Problem to work on: Word for word, set down every line of the entries below from the line with "S le p \<le>" to the line with "using sorted_wrt_strict_distinct[OF xs(3)] xs(1)", including both, and no other line.

(Stored data)

definition order_iso :: "'a set \<Rightarrow> ('a \<Rightarrow> 'a \<Rightarrow> bool) \<Rightarrow> 'b set \<Rightarrow> ('b \<Rightarrow> 'b \<Rightarrow> bool) \<Rightarrow> bool" where
  "order_iso A leA B leB \<longleftrightarrow> (\<exists>f. bij_betw f A B \<and>
      (\<forall>x\<in>A. \<forall>y\<in>A. leA x y \<longleftrightarrow> leB (f x) (f y)))"

text \<open>The 6-crown on {0..5}: x_i = i, y_i = 3+i, with
  x0 < y0 > x1 < y1 > x2 < y2 > x0.\<close>
definition C6 :: "nat set" where
  "C6 = {0..5}"

definition C6_le :: "nat \<Rightarrow> nat \<Rightarrow> bool" where
  "C6_le a b \<longleftrightarrow> a = b \<or> (a, b) \<in> {(0,3),(1,3),(1,4),(2,4),(2,5),(0,5)}"

definition six_stack :: "'a set \<Rightarrow> ('a \<Rightarrow> 'a \<Rightarrow> bool) \<Rightarrow> nat \<Rightarrow> bool" where
  "six_stack P le n \<longleftrightarrow> poset_on P le \<and> n \<ge> 1 \<and> ranked P le n \<and>
     (\<forall>i<n. order_iso (levels P le i (Suc i)) le C6 C6_le)"

definition retract :: "'a set \<Rightarrow> ('a \<Rightarrow> 'a \<Rightarrow> bool) \<Rightarrow> 'a set \<Rightarrow> bool" where
  "retract P le Q \<longleftrightarrow> Q \<subseteq> P \<and> (\<exists>f. f ` P \<subseteq> Q \<and>
     (\<forall>x\<in>P. \<forall>y\<in>P. le x y \<longrightarrow> le (f x) (f y)) \<and> (\<forall>q\<in>Q. f q = q))"

text \<open>Q (with induced order) is a 4-tower, i.e. (isomorphic to) an ordinal sum of
k \<ge> 1 two-element antichains: Q splits into k blocks g = 0..k-1 of exactly two
elements each, and x \<le> y iff x = y or x lies in an earlier block than y.\<close>
definition four_tower :: "'a set \<Rightarrow> ('a \<Rightarrow> 'a \<Rightarrow> bool) \<Rightarrow> bool" where
  "four_tower Q le \<longleftrightarrow> (\<exists>k::nat. \<exists>g. k \<ge> 1 \<and> g ` Q \<subseteq> {0..<k} \<and>
     (\<forall>i<k. card {q\<in>Q. g q = i} = 2) \<and>
     (\<forall>x\<in>Q. \<forall>y\<in>Q. le x y \<longleftrightarrow> (x = y \<or> g x < g y)))"

end

theory Submission
  imports Defs
begin

(*
  Write P(0) = {a, b, c}, where {a, b} is the bottom block of the tower Q, and let ya, yb, yc be
  the elements of P(1) not above a, b, c respectively. Since consecutive levels form 6-crowns,
  every element of rank at least i + 2 lies above all of P(i), and yc is the only element of
  rank 1 above both a and b. So a block of Q other than the bottom one contains at most one
  element of rank 1, which forces the elements of Q of rank at most 2 into the two lowest blocks.

  Let f be the retraction. The images f ya and f yb are not both in the bottom block: otherwise
  f ya = b and f yb = a, and f c would lie below both. The partner p of f yc in its block has
  rank 2 and is not above yc, hence lies above ya and yb; so f ya and f yb cannot both lie below
  f yc, for then they would lie below both elements of a block of index at most 1. Every x of
  rank at least 3 is above ya, yb, yc, so f x lies above f ya, f yb, f yc and therefore in block 2
  or higher. Consequently f maps P(3, n) into itself and Q meets P(3, n) in the blocks 2, 3, ...,
  which form a 4-tower. Finally n = 2 is impossible: f would send every element of P(2) above yc
  to f yc, and common upper covers of yc with ya and with yb would put f ya and f yb below f yc.
*)

section \<open>Ranks in finite posets\<close>

lemma poset_onD:
  assumes "poset_on S le"
  shows "finite S" and "x \<in> S \<Longrightarrow> le x x"
    and "x \<in> S \<Longrightarrow> y \<in> S \<Longrightarrow> le x y \<Longrightarrow> le y x \<Longrightarrow> x = y"
    and "x \<in> S \<Longrightarrow> y \<in> S \<Longrightarrow> z \<in> S \<Longrightarrow> le x y \<Longrightarrow> le y z \<Longrightarrow> le x z"
  using assms unfolding poset_on_def by blast+

lemma sorted_wrt_strict_distinct: "sorted_wrt (strict le) xs \<Longrightarrow> distinct xs"
  by (induction xs) (auto simp: strict_def)

lemma sorted_wrt_last:
  "sorted_wrt R xs \<Longrightarrow> e \<in> set xs \<Longrightarrow> xs \<noteq> [] \<Longrightarrow> e = last xs \<or> R e (last xs)"
  by (induction xs) auto

lemma sorted_wrt_comparable:
  "sorted_wrt R xs \<Longrightarrow> x \<in> set xs \<Longrightarrow> y \<in> set xs \<Longrightarrow> x = y \<or> R x y \<or> R y x"
  by (induction xs) auto

lemma finite_chain_lengths:
  assumes "finite S"
  shows "finite {m. \<exists>xs. length xs = Suc m \<and> set xs \<subseteq> S \<and> sorted_wrt (strict le) xs \<and> last xs = p}"
    (is "finite ?M")
proof (rule finite_subset)
  show "?M \<subseteq> {..<card S}"
  proof
    fix m assume "m \<in> ?M"
    then obtain xs where xs: "length xs = Suc m" "set xs \<subseteq> S" "sorted_wrt (strict le) xs"
      by blast
    have "length xs = card (set xs)"
      using sorted_wrt_strict_distinct[OF xs(3)] by (simp add: distinct_card)
    also have "\<dots> \<le> card S"
      using xs(2) assms by (rule card_mono[rotated])
    finally show "m \<in> {..<card S}" using xs(1) by simp
  qed
qed simp

lemma prank_geI:
  assumes "finite S" "length xs = Suc m" "set xs \<subseteq> S" "sorted_wrt (strict le) xs" "last xs = p"
  shows "m \<le> prank S le p"
  unfolding prank_def using assms by (intro Max_ge[OF finite_chain_lengths]) blast+

lemma prank_chainE:
  assumes "finite S" "p \<in> S"
  obtains xs where "length xs = Suc (prank S le p)" "set xs \<subseteq> S" "sorted_wrt (strict le) xs"
    "last xs = p"
proof -
  have "0 \<in> {m. \<exists>xs. length xs = Suc m \<and> set xs \<subseteq> S \<and> sorted_wrt (strict le) xs \<and> last xs = p}"
    using assms(2) by (auto intro!: exI[of _ "[p]"])
  then show ?thesis
    using Max_in[OF finite_chain_lengths[OF assms(1)]] that unfolding prank_def by blast
qed

lemma prank_less:
  assumes "poset_on S le" "x \<in> S" "y \<in> S" "le x y" "x \<noteq> y"
  shows "prank S le x < prank S le y"
proof -
  note S = poset_onD[OF assms(1)]
  obtain xs where xs: "length xs = Suc (prank S le x)" "set xs \<subseteq> S" "sorted_wrt (strict le) xs"
    "last xs = x"
    using prank_chainE[OF S(1) assms(2)] by blast
  have "strict le e y" if "e \<in> set xs" for e
  proof -
    have "xs \<noteq> []" using xs(1) by auto
    then have "e = x \<or> strict le e x"
      using sorted_wrt_last[OF xs(3) that] xs(4) by auto
    then have "le e x"
      using S(2)[OF assms(2)] by (auto simp: strict_def)
    moreover have "e \<in> S" using that xs(2) by blast
    ultimately show ?thesis
      using S(3,4) assms by (metis strict_def)
  qed
  then have "sorted_wrt (strict le) (xs @ [y])"
    using xs(3) by (simp add: sorted_wrt_append)
  then have "Suc (prank S le x) \<le> prank S le y"
    using xs assms(3) by (intro prank_geI[OF S(1)]) auto
  then show ?thesis by simp
qed

lemma prank_below_cover:
  assumes "poset_on S le" "p \<in> S" "prank S le p = Suc m"
  obtains w where "w \<in> S" "le w p" "w \<noteq> p" "prank S le w = m"
proof -
  note S = poset_onD[OF assms(1)]
  obtain xs where xs: "length xs = Suc (Suc m)" "set xs \<subseteq> S" "sorted_wrt (strict le) xs"
    "last xs = p"
    using prank_chainE[OF S(1) assms(2), of le] assms(3) by auto
  obtain ys where ys: "xs = ys @ [p]"
    using xs(1,4) by (metis append_butlast_last_id list.size(3) nat.distinct(1))
  define w where "w = last ys"
  have "ys \<noteq> []" "length ys = Suc m" using xs(1) ys by auto
  then have w: "w \<in> set ys" "sorted_wrt (strict le) ys" "strict le w p"
    using xs(3) unfolding ys w_def by (auto simp: sorted_wrt_append)
  have "w \<in> S" using w(1) xs(2) ys by auto
  have "m \<le> prank S le w"
    using \<open>length ys = Suc m\<close> w(2) xs(2) ys by (intro prank_geI[OF S(1)]) (auto simp: w_def)
  moreover have "prank S le w < prank S le p"
    using prank_less[OF assms(1) \<open>w \<in> S\<close> assms(2)] w(3) by (simp add: strict_def)
  ultimately show ?thesis
    using that \<open>w \<in> S\<close> w(3) assms(3) by (simp add: strict_def)
qed

lemma prank_below:
  assumes "poset_on S le" "p \<in> S" "j \<le> prank S le p"
  obtains w where "w \<in> S" "le w p" "prank S le w = j"
proof -
  have "\<exists>w\<in>S. le w p \<and> prank S le w = j"
    using assms(2,3)
  proof (induction "prank S le p - j" arbitrary: p)
    case 0
    then show ?case using poset_onD(2)[OF assms(1)] by force
  next
    case (Suc d)
    then obtain m where m: "prank S le p = Suc m" by (cases "prank S le p") auto
    obtain w where w: "w \<in> S" "le w p" "w \<noteq> p" "prank S le w = m"
      using prank_below_cover[OF assms(1) Suc.prems(1) m] .
    have "d = prank S le w - j" "j \<le> prank S le w"
      using Suc.hyps(2) Suc.prems(2) m w(4) by auto
    then obtain v where "v \<in> S" "le v w" "prank S le v = j"
      using Suc.hyps(1) w(1) by blast
    then show ?case
      using poset_onD(4)[OF assms(1) _ w(1) Suc.prems(1)] w(2) by blast
  qed
  then show ?thesis using that by blast
qed

lemma maximal_chain_extends:
  assumes "finite S" "is_chain S le C"
  obtains D where "maximal_chain S le D" "C \<subseteq> D"
proof -
  let ?A = "{D. is_chain S le D \<and> C \<subseteq> D}"
  have "?A \<subseteq> Pow S" by (auto simp: is_chain_def)
  then have "finite ?A"
    using assms(1) by (simp add: finite_subset)
  moreover have "?A \<noteq> {}" using assms(2) by auto
  ultimately obtain D where D: "D \<in> ?A" and max: "\<And>D'. D' \<in> ?A \<Longrightarrow> D \<subseteq> D' \<Longrightarrow> D = D'"
    using finite_has_maximal[of ?A] by metis
  have "maximal_chain S le D"
    unfolding maximal_chain_def using D max by auto
  then show ?thesis
    using that D by blast
qed

lemma prank_le_rank:
  assumes "poset_on S le" "ranked S le n" "p \<in> S"
  shows "prank S le p \<le> n"
proof -
  note S = poset_onD[OF assms(1)]
  obtain xs where xs: "length xs = Suc (prank S le p)" "set xs \<subseteq> S" "sorted_wrt (strict le) xs"
    using prank_chainE[OF S(1) assms(3)] by blast
  have "is_chain S le (set xs)"
    unfolding is_chain_def
    using xs(2) sorted_wrt_comparable[OF xs(3)] S(2) by (auto simp: strict_def)
  then obtain D where D: "maximal_chain S le D" "set xs \<subseteq> D"
    using maximal_chain_extends[OF S(1)] by blast
  have "D \<subseteq> S"
    using D(1) by (simp add: maximal_chain_def is_chain_def)
  then have "finite D"
    using S(1) by (rule finite_subset)
  have "Suc (prank S le p) = card (set xs)"
    using sorted_wrt_strict_distinct[OF xs(3)] xs(1) by (simp add: distinct_card)
  also have "\<dots> \<le> card D" using D(2) \<open>finite D\<close> by (rule card_mono[rotated])
  also have "\<dots> = Suc n" using assms(2) D(1) by (simp add: ranked_def)
  finally show ?thesis by simp
qed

Answer to this task:
  shows "prank S le p \<le> n"
proof -
  note S = poset_onD[OF assms(1)]
  obtain xs where xs: "length xs = Suc (prank S le p)" "set xs \<subseteq> S" "sorted_wrt (strict le) xs"
    using prank_chainE[OF S(1) assms(3)] by blast
  have "is_chain S le (set xs)"
    unfolding is_chain_def
    using xs(2) sorted_wrt_comparable[OF xs(3)] S(2) by (auto simp: strict_def)
  then obtain D where D: "maximal_chain S le D" "set xs \<subseteq> D"
    using maximal_chain_extends[OF S(1)] by blast
  have "D \<subseteq> S"
    using D(1) by (simp add: maximal_chain_def is_chain_def)
  then have "finite D"
    using S(1) by (rule finite_subset)
  have "Suc (prank S le p) = card (set xs)"
    using sorted_wrt_strict_distinct[OF xs(3)] xs(1) by (simp add: distinct_card)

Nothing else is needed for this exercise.